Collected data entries
▬▬▬▬▬▬▬▬▬▬
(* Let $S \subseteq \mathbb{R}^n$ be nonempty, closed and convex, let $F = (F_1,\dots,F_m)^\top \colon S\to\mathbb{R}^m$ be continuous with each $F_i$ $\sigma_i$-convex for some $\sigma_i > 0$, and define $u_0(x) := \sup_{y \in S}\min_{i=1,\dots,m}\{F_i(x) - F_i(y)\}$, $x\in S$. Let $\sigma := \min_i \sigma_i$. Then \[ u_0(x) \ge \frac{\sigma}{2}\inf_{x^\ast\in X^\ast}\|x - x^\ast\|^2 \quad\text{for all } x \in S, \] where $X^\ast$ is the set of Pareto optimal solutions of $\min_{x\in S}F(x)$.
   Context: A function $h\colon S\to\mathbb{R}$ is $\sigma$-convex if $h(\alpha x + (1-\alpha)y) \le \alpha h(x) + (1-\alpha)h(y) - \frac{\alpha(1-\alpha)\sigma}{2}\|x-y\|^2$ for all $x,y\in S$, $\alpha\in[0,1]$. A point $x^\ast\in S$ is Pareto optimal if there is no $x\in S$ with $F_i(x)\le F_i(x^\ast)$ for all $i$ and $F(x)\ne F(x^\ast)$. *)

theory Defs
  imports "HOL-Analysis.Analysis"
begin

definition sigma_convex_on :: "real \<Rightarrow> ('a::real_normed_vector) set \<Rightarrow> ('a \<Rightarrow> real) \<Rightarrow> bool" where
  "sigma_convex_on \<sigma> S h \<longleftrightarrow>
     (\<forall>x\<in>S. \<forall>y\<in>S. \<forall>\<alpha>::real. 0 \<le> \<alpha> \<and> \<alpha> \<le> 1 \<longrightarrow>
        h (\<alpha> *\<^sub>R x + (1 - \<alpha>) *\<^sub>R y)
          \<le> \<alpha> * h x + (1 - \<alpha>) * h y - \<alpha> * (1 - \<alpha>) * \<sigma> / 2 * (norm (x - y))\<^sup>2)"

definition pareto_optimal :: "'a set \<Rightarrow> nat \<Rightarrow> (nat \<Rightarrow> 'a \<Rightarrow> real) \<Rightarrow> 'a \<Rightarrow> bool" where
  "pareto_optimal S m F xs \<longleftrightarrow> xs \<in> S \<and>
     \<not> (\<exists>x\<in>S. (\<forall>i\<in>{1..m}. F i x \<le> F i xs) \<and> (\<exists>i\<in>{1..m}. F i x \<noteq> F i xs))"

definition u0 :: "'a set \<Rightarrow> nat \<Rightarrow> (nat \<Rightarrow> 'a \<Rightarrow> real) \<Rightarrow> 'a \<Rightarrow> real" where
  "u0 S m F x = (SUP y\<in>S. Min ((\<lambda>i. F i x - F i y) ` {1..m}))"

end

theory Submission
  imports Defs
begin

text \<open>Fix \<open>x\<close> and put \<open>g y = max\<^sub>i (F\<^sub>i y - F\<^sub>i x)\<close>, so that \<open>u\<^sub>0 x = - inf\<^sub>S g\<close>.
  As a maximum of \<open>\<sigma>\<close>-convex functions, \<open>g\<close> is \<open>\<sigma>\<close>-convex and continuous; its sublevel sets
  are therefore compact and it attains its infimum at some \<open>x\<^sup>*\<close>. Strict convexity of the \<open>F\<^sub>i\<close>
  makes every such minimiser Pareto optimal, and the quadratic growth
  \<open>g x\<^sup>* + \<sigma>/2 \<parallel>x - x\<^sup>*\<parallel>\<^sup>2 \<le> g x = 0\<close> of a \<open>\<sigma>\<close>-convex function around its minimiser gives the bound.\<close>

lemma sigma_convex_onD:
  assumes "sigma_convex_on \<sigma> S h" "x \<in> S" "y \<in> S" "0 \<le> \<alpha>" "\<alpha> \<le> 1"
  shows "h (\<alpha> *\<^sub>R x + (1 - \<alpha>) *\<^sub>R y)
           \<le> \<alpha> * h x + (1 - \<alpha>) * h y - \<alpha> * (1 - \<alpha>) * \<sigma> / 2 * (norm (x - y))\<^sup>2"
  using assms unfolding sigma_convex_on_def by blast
▬▬▬▬▬▬▬▬▬▬
ASSIGNMENT: Only the lines from the one with "are therefore compact" through the last line of the records belong in the answer, each copied exactly.

YOUR SOLUTION:
  are therefore compact and it attains its infimum at some \<open>x\<^sup>*\<close>. Strict convexity of the \<open>F\<^sub>i\<close>
  makes every such minimiser Pareto optimal, and the quadratic growth
  \<open>g x\<^sup>* + \<sigma>/2 \<parallel>x - x\<^sup>*\<parallel>\<^sup>2 \<le> g x = 0\<close> of a \<open>\<sigma>\<close>-convex function around its minimiser gives the bound.\<close>

lemma sigma_convex_onD:
  assumes "sigma_convex_on \<sigma> S h" "x \<in> S" "y \<in> S" "0 \<le> \<alpha>" "\<alpha> \<le> 1"
  shows "h (\<alpha> *\<^sub>R x + (1 - \<alpha>) *\<^sub>R y)
           \<le> \<alpha> * h x + (1 - \<alpha>) * h y - \<alpha> * (1 - \<alpha>) * \<sigma> / 2 * (norm (x - y))\<^sup>2"
  using assms unfolding sigma_convex_on_def by blast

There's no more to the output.